- **Task statement**
Using the material below, return exactly the lines between the one holding "w) = e * int" and the one holding "then show ?thesis using", inclusive, and no others.

- **Given records**
#####
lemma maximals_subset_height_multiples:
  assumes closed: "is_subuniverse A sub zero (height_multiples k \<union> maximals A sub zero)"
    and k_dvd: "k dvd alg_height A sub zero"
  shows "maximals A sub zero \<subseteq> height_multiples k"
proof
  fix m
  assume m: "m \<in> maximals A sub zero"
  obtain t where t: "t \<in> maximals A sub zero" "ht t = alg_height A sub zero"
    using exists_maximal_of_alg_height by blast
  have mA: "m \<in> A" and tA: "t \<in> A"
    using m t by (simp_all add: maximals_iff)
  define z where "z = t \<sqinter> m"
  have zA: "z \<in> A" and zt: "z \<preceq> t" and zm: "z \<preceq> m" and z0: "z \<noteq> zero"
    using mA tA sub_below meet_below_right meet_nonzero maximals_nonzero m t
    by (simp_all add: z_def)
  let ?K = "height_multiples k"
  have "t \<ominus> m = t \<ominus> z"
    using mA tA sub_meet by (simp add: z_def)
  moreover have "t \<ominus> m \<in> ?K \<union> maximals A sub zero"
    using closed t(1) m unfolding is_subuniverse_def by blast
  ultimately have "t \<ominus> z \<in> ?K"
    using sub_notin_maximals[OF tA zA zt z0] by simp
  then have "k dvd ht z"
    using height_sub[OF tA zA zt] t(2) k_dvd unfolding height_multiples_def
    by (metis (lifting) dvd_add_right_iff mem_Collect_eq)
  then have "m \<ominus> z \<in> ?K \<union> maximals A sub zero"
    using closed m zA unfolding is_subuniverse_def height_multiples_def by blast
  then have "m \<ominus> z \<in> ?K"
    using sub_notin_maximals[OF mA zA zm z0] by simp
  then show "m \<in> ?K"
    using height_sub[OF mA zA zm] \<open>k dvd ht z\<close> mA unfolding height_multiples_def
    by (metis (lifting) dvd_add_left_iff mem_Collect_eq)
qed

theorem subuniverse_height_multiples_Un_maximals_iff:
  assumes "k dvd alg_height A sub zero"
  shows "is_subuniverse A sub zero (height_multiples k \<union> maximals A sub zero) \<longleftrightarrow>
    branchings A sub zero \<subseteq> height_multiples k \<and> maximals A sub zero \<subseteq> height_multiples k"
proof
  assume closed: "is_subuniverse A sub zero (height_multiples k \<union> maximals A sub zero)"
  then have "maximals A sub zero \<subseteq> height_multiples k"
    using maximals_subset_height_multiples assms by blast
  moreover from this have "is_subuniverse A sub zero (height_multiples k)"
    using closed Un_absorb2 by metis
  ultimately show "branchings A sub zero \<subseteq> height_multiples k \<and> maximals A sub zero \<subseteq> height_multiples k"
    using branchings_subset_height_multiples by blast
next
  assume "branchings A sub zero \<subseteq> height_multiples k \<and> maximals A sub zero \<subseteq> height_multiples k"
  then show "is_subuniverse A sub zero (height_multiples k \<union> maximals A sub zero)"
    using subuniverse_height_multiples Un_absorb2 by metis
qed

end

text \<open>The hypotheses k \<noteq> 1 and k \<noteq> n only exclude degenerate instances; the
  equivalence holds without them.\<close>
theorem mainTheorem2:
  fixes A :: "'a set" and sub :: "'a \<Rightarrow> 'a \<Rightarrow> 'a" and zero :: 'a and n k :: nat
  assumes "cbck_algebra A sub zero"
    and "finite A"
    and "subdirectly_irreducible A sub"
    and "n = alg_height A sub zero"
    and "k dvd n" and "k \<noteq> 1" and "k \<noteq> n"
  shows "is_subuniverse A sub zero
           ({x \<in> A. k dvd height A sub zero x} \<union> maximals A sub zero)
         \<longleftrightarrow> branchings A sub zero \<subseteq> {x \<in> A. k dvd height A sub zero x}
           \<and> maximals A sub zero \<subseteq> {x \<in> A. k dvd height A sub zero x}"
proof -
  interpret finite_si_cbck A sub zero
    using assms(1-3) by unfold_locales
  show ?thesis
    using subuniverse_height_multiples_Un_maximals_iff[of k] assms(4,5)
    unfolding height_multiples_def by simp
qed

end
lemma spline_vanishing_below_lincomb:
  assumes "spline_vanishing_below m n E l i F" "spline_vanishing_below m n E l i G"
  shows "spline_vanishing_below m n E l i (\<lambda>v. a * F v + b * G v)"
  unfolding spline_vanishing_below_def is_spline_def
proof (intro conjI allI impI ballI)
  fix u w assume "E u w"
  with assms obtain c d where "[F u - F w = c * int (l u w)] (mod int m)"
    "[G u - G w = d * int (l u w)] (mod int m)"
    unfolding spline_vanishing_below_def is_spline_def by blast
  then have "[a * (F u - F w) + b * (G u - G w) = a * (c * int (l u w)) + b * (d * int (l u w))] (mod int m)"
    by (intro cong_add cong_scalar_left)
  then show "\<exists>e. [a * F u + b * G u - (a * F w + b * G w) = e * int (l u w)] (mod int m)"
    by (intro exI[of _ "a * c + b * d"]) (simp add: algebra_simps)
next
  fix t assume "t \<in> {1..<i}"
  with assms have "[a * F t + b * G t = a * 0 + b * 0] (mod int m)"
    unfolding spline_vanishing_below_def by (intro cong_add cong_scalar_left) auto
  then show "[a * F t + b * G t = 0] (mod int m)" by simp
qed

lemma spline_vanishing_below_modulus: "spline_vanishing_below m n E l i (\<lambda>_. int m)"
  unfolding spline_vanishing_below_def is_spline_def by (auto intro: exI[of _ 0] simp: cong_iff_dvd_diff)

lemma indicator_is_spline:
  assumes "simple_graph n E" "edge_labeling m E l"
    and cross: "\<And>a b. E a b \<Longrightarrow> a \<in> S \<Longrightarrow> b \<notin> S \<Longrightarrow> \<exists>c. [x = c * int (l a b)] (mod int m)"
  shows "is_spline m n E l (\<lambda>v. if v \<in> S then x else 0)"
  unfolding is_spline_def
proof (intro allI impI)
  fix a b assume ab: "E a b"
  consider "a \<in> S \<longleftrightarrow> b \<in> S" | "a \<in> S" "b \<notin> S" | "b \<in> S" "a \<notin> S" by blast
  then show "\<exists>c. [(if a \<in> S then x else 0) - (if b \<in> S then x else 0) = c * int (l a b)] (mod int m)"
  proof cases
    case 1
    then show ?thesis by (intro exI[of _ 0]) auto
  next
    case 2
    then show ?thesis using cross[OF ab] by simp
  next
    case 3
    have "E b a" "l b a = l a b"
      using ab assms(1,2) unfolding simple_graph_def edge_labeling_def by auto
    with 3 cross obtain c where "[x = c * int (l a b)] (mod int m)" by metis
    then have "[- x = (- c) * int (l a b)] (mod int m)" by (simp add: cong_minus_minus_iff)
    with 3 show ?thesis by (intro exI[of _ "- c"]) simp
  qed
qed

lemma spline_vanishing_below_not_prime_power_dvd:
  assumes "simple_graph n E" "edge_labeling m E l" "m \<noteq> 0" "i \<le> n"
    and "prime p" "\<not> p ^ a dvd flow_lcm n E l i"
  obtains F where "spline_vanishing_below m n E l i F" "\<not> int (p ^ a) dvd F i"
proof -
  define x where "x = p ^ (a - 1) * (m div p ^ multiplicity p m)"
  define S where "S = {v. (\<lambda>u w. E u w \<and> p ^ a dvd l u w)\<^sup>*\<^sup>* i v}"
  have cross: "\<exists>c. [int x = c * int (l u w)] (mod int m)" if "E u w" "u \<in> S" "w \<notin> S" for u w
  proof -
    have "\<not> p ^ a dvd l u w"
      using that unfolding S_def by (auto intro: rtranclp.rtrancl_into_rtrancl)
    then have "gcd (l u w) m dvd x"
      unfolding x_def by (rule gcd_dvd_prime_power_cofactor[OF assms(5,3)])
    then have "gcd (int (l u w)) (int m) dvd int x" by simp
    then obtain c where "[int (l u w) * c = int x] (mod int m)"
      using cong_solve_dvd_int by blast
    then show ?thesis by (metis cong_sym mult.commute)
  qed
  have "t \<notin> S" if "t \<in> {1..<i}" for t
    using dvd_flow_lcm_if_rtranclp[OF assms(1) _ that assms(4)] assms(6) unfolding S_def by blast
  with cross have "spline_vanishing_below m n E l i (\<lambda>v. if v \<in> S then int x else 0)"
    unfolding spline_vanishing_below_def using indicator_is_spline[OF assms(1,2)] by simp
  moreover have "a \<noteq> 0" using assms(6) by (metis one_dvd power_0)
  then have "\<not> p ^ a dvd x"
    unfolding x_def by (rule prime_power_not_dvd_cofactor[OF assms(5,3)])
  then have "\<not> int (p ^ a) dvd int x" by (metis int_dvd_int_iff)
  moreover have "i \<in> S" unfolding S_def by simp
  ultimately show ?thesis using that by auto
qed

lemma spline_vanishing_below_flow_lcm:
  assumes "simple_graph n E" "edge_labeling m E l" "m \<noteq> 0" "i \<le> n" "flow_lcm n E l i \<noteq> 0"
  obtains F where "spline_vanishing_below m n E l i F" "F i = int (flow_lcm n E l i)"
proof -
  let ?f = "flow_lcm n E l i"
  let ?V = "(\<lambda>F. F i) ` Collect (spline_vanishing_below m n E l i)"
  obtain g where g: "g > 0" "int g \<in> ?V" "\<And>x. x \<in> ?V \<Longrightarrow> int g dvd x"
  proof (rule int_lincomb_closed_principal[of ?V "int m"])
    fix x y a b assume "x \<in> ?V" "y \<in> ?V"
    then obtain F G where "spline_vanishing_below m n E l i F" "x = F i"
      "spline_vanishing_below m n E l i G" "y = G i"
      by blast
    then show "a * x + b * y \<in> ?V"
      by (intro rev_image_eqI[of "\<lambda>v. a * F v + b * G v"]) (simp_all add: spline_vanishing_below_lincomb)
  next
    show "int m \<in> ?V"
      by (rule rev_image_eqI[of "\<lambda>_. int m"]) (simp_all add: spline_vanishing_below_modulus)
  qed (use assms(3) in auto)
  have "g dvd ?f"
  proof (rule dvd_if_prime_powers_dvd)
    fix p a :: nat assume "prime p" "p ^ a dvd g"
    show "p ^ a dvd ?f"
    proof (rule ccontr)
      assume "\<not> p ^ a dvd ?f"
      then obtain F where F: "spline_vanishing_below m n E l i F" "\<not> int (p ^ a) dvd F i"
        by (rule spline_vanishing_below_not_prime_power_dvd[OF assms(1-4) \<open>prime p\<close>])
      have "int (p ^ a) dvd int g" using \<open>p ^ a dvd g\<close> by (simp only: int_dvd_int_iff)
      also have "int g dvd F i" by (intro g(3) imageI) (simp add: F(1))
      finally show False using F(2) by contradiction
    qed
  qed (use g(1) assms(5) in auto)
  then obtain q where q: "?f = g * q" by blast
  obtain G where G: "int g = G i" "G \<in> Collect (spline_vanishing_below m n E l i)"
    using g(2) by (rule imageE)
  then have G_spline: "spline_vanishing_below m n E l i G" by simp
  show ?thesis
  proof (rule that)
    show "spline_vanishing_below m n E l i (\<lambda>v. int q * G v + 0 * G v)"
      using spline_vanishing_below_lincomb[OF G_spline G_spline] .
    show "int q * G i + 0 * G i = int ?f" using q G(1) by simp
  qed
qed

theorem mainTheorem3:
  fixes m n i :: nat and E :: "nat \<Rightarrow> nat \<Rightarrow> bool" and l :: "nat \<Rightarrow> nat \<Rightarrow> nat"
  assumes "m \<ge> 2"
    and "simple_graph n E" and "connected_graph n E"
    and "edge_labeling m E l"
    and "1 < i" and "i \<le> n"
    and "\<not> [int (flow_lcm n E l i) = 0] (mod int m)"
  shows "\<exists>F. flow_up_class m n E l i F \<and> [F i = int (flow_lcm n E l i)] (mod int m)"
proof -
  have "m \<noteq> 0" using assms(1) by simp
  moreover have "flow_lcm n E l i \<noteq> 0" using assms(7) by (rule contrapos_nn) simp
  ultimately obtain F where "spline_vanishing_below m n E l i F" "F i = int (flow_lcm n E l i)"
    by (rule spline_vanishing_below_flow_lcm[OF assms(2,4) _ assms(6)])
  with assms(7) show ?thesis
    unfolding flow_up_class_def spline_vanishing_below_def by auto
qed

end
#####
- **Expected answer**
  then show "\<exists>e. [a * F u + b * G u - (a * F w + b * G w) = e * int (l u w)] (mod int m)"
    by (intro exI[of _ "a * c + b * d"]) (simp add: algebra_simps)
next
  fix t assume "t \<in> {1..<i}"
  with assms have "[a * F t + b * G t = a * 0 + b * 0] (mod int m)"
    unfolding spline_vanishing_below_def by (intro cong_add cong_scalar_left) auto
  then show "[a * F t + b * G t = 0] (mod int m)" by simp
qed

lemma spline_vanishing_below_modulus: "spline_vanishing_below m n E l i (\<lambda>_. int m)"
  unfolding spline_vanishing_below_def is_spline_def by (auto intro: exI[of _ 0] simp: cong_iff_dvd_diff)

lemma indicator_is_spline:
  assumes "simple_graph n E" "edge_labeling m E l"
    and cross: "\<And>a b. E a b \<Longrightarrow> a \<in> S \<Longrightarrow> b \<notin> S \<Longrightarrow> \<exists>c. [x = c * int (l a b)] (mod int m)"
  shows "is_spline m n E l (\<lambda>v. if v \<in> S then x else 0)"
  unfolding is_spline_def
proof (intro allI impI)
  fix a b assume ab: "E a b"
  consider "a \<in> S \<longleftrightarrow> b \<in> S" | "a \<in> S" "b \<notin> S" | "b \<in> S" "a \<notin> S" by blast
  then show "\<exists>c. [(if a \<in> S then x else 0) - (if b \<in> S then x else 0) = c * int (l a b)] (mod int m)"
  proof cases
    case 1
    then show ?thesis by (intro exI[of _ 0]) auto
  next
    case 2
    then show ?thesis using cross[OF ab] by simp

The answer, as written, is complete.